Mira Murati’s Thinking Machines Launches Its First AI Model, ‘Inkling’

Mira Murati's Thinking Machines Launches Its First AI Model, 'Inkling' | CIO Women Magazine

Key Takeaways:

  • Thinking Machines is betting on customizable AI for businesses.
  • OpenAI models are becoming a stronger alternative to proprietary systems.
  • Mira Murati’s startup enters an increasingly competitive AI market.

Thinking Machines Lab, the artificial intelligence startup founded by former OpenAI Chief Technology Officer Mira Murati, has launched Inkling, its first open-weight AI model. The release marks the company’s official entry into the foundation model market and signals its strategy of building AI systems that organizations can customize for their own needs rather than relying on a single model designed for every use case.

The launch comes nearly a year after Mira Murati Thinking Machines emerged from stealth mode and quickly became one of the most closely watched AI startups. Despite not having released a commercial product at the time, the company attracted billions of dollars in funding and a multi-billion-dollar valuation, reflecting investor confidence in Mira Murati’s leadership and the team’s technical expertise. With Inkling now available, Thinking Machines is taking its first major step toward competing with established AI developers such as OpenAI, Google, Anthropic, and Meta, while carving out a niche in the growing market for open AI models.

Inkling Focuses on Flexibility, Efficiency, and Enterprise Control

Unlike proprietary AI models that are typically accessed through cloud-based services, Inkling is being released as an open-weight model. This allows developers, researchers, and businesses to download, fine-tune, and deploy the model on their own infrastructure. The approach is designed to give enterprises greater control over how AI is trained, deployed, and integrated into internal systems, particularly in industries where data privacy, regulatory compliance, and intellectual property are major concerns.

Mira Murati, Thinking Machines, has positioned Inkling as a multimodal model capable of processing and generating text while also supporting images, audio, and video. Rather than competing solely on benchmark rankings, the company says the model has been developed to help organizations create AI solutions tailored to their own workflows, business processes, and industry-specific requirements.

The model is built using a mixture-of-experts (MoE) architecture, containing approximately 975 billion parameters, with only around 41 billion active during inference. By activating only the portions of the model required for a specific task, this architecture improves computational efficiency while reducing inference costs. The company believes this balance between scale and efficiency makes Inkling well-suited for enterprise applications where performance and operating costs are equally important.

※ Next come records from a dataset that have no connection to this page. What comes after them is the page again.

lemma balanced_pair_least_deeper:
  assumes fork: "is_fork F w" and t1: "is_tine F t1" and a1: "a \<in> set t1"
    and t3: "is_tine F t3" "a \<notin> set t3" and deeper: "tine_len t1 < tine_len t3"
    and lab1: "tine_lab F t1 < tine_lab F t3"
    and least: "\<And>v. v \<in> verts F \<Longrightarrow> honest_idx w (lab F v) \<Longrightarrow> lab F v < tine_lab F t3 \<Longrightarrow>
      depth F v \<le> tine_len t1"
  shows "balanced_pair F w (lab F a) (tine_lab F t3 - 1) (tine_len t1) t1 (take (Suc (tine_len t1)) t3)"
proof (rule balanced_pair_take[OF t1 t3(1)])
  show "\<forall>v \<in> set t1 \<union> set (take (Suc (tine_len t1)) t3). lab F v \<le> tine_lab F t3 - 1"
    using lab_le_tine_lab[OF fork t1] lab_take_less[OF fork t3(1) deeper] lab1 by fastforce
  show "\<forall>v \<in> verts F. honest_idx w (lab F v) \<and> lab F v \<le> tine_lab F t3 - 1 \<longrightarrow> depth F v \<le> tine_len t1"
    using least lab1 by fastforce
  show "\<forall>v \<in> set t1 \<inter> set t3. lab F v < lab F a"
    using lab_common_less[OF fork t1 t3(1) _ _ a1 t3(2)] by blast
qed (use deeper in simp)

lemma ex_balanced_pair:
  assumes fork: "is_fork F w" and t2: "viable F w t2" and a2: "a \<notin> set t2"
  shows "viable F w t1 \<Longrightarrow> a \<in> set t1 \<Longrightarrow> tine_lab F t1 \<le> tine_lab F t2 \<Longrightarrow>
    \<exists>L m s1 s2. balanced_pair F w (lab F a) L m s1 s2 \<and> tine_lab F t1 \<le> L \<and> L \<le> length w"
proof (induction "tine_len t2 - tine_len t1" arbitrary: t1 rule: less_induct)
  case less
  note t1 = less.prems(1) and a1 = less.prems(2) and lab12 = less.prems(3)
  have tree: "rooted_tree F"
    using fork by (rule is_fork_rooted_tree)
  have T1: "is_tine F t1" and T2: "is_tine F t2"
    using t1 t2 unfolding viable_def by simp_all
  have lab2: "tine_lab F t2 \<le> length w"
    using tine_lab_le_length[OF fork T2] .
  have labs: "\<forall>v \<in> set t1 \<union> set t2. lab F v \<le> tine_lab F t2"
    using lab_le_tine_lab[OF fork T1] lab_le_tine_lab[OF fork T2] lab12 by fastforce
  have common: "\<forall>v \<in> set t1 \<inter> set t2. lab F v < lab F a"
    using lab_common_less[OF fork T1 T2 _ _ a1 a2] by blast
  show ?case
  proof (cases "tine_len t2 \<le> tine_len t1")
    case True
    have "balanced_pair F w (lab F a) (tine_lab F t2) (tine_len t2) t2 (take (Suc (tine_len t2)) t1)"
      using labs common viable_depth_le[OF t2]
      by (intro balanced_pair_take[OF T2 T1 True]) (auto dest: in_set_takeD)
    then show ?thesis
      using lab12 lab2 by blast
  next
    case False
    then show ?thesis
    proof (cases rule: honest_depth_le_or_least_deeperE[of F w "tine_lab F t2" "tine_len t1"])
      case shallow
      have "balanced_pair F w (lab F a) (tine_lab F t2) (tine_len t1) t1 (take (Suc (tine_len t1)) t2)"
        using labs common shallow False
        by (intro balanced_pair_take[OF T1 T2]) (auto dest: in_set_takeD)
      then show ?thesis
        using lab12 lab2 by blast
    next
      case (least h)
      obtain t3 where t3: "is_tine F t3" "last t3 = h"
        using ex_tine_to[OF tree least(1)] by blast
      have len3: "tine_len t3 = depth F h"
        using depth_last[OF tree t3(1)] t3(2) by simp
      have lab3: "tine_lab F t3 = lab F h"
        unfolding tine_lab_def t3(2) ..
      have lab1: "tine_lab F t1 < lab F h"
        using viable_depth_le[OF t1 least(1,2)] least(4) by force
      show ?thesis
      proof (cases "a \<in> set t3")
        case True
        have "viable F w t3"
          using viable_if_honest_last[OF fork t3(1)] t3(2) least(2) by simp
        moreover have "tine_len t2 - tine_len t3 < tine_len t2 - tine_len t1"
          using viable_depth_le[OF t2 least(1-3)] len3 least(4) by linarith
        ultimately show ?thesis
          using less.hyps[of t3] True lab3 lab1 least(3) by fastforce
      next
        case False
        have "balanced_pair F w (lab F a) (lab F h - 1) (tine_len t1) t1 (take (Suc (tine_len t1)) t3)"
          using balanced_pair_least_deeper[OF fork T1 a1 t3(1) False] len3 lab3 lab1 least by simp
        then show ?thesis
          using lab1 least(3) lab2 by (intro exI) auto
      qed
    qed
  qed
qed

lemma not_slot_CPE:
  assumes fork: "is_fork F w" and not_CP: "\<not> slot_CP k F w"
  obtains t1 t2 a where "viable F w t1" "viable F w t2" "tine_lab F t1 \<le> tine_lab F t2"
    "a \<in> set t1" "a \<notin> set t2" "lab F a + k \<le> tine_lab F t1"
proof -
  obtain t1 t2 where t: "viable F w t1" "viable F w t2" "tine_lab F t1 \<le> tine_lab F t2"
    and not_prefix: "\<not> prefix (trim F k t1) t2"
    using not_CP unfolding slot_CP_def by blast
  have tree: "rooted_tree F"
    using fork by (rule is_fork_rooted_tree)
  have T1: "is_tine F t1" and T2: "is_tine F t2"
    using t unfolding viable_def by simp_all
  have nonempty: "trim F k t1 \<noteq> []"
    using not_prefix by auto
  define a where "a = last (trim F k t1)"
  have "a \<in> set (trim F k t1)"
    unfolding a_def using nonempty by simp
  then have "a \<in> set t1" "lab F a + k \<le> tine_lab F t1"
    unfolding trim_def by auto
  moreover have "a \<notin> set t2"
    using prefix_if_last_in_tine[OF tree T1 T2 trim_is_prefix[OF fork T1] nonempty] not_prefix
    unfolding a_def by blast
  ultimately show thesis
    using that t by blast
qed

theorem theorem3:
  fixes k T :: nat and w :: "bool list"
  assumes "length w = T"
    and "violates_slot_CP k w"
  shows "\<exists>x y z. w = x @ y @ z \<and> length y \<ge> k + 1 \<and>
           (\<exists>F. is_fork F (x @ y) \<and> x_balanced F x)"
proof -
  obtain F where fork: "is_fork F w" and "\<not> slot_CP k F w"
    using assms(2) unfolding violates_slot_CP_def by blast
  then obtain t1 t2 a where "viable F w t1" "viable F w t2" "tine_lab F t1 \<le> tine_lab F t2"
    and a: "a \<in> set t1" "a \<notin> set t2" "lab F a + k \<le> tine_lab F t1"
    by (rule not_slot_CPE)
  then obtain L m s1 s2 where pair: "balanced_pair F w (lab F a) L m s1 s2"
    and L: "tine_lab F t1 \<le> L" "L \<le> length w"
    using ex_balanced_pair[OF fork] by blast
  obtain G where G: "is_fork G (take L w)" "x_balanced G (take (lab F a - 1) w)"
    using ex_x_balanced_fork_if_balanced_pair[OF fork pair L(2)] by blast
  have a_pos: "0 < lab F a"
    using balanced_pair_bound_pos[OF fork pair] .
  define x y z where "x = take (lab F a - 1) w" and "y = drop (lab F a - 1) (take L w)"
    and "z = drop L w"
  have "lab F a - 1 \<le> L"
    using a(3) L(1) by linarith
  then have xy: "x @ y = take L w"
    unfolding x_def y_def using append_take_drop_id[of "lab F a - 1" "take L w"]
    by (simp add: min_absorb1)
  then have "w = x @ y @ z"
    unfolding z_def by (metis append.assoc append_take_drop_id)
  moreover have "length y \<ge> k + 1"
    unfolding y_def using a(3) a_pos L by simp
  ultimately show ?thesis
    using G xy unfolding x_def by metis
qed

Inkling is also available through Thinking Machines’ AI customization platform, allowing organizations to further adapt the model using proprietary data and specialized workflows. This reflects the company’s belief that future enterprise AI adoption will depend not only on raw model capability but also on how effectively businesses can customize AI for their own operations.

While proprietary frontier models continue to lead several industry benchmarks, Thinking Machines argues that benchmark performance alone is no longer the deciding factor for enterprise customers. Increasingly, organizations are evaluating AI solutions based on transparency, deployment flexibility, ownership of data, and long-term operating costs, creating opportunities for open-weight alternatives.

Growing Competition Reshapes the Open AI Landscape

The launch of Inkling comes at a time when open-weight AI models are gaining momentum across the industry. Businesses are increasingly looking for AI systems that can operate within their own environments instead of relying entirely on external cloud providers. This trend has been driven by growing concerns around data security, compliance requirements, infrastructure costs, and vendor dependence.

Thinking Machines believes this shift is creating demand for models that organizations can fully customize while maintaining greater control over their data and AI infrastructure. The company has also acknowledged drawing on publicly available research and open technologies during Inkling’s development, reflecting the increasingly collaborative nature of AI research, where advancements often build upon existing open-source innovations.

The competitive landscape has also expanded significantly over the past year. Alongside major U.S. AI companies, several international developers have accelerated work on high-performing open-weight models, increasing pressure on established players to offer greater transparency and flexibility. As a result, competition is no longer focused solely on building the largest or most powerful AI model but also on creating systems that organizations can deploy efficiently for specialized business applications.

For Thinking Machines, Inkling represents more than the launch of its first AI model. It is the company’s first opportunity to demonstrate that enterprise customers value adaptability alongside performance. By emphasizing customization, efficient deployment, and open access, the startup is betting that the next phase of AI adoption will be shaped less by universal models and more by solutions tailored to individual industries and business needs.

As enterprises continue integrating artificial intelligence into core operations, demand for flexible and customizable AI platforms is expected to grow. Whether Inkling can establish itself alongside the industry’s leading models remains to be seen, but its debut highlights a broader shift in the AI market, one where openness, efficiency, and enterprise control are becoming as important as raw computing power.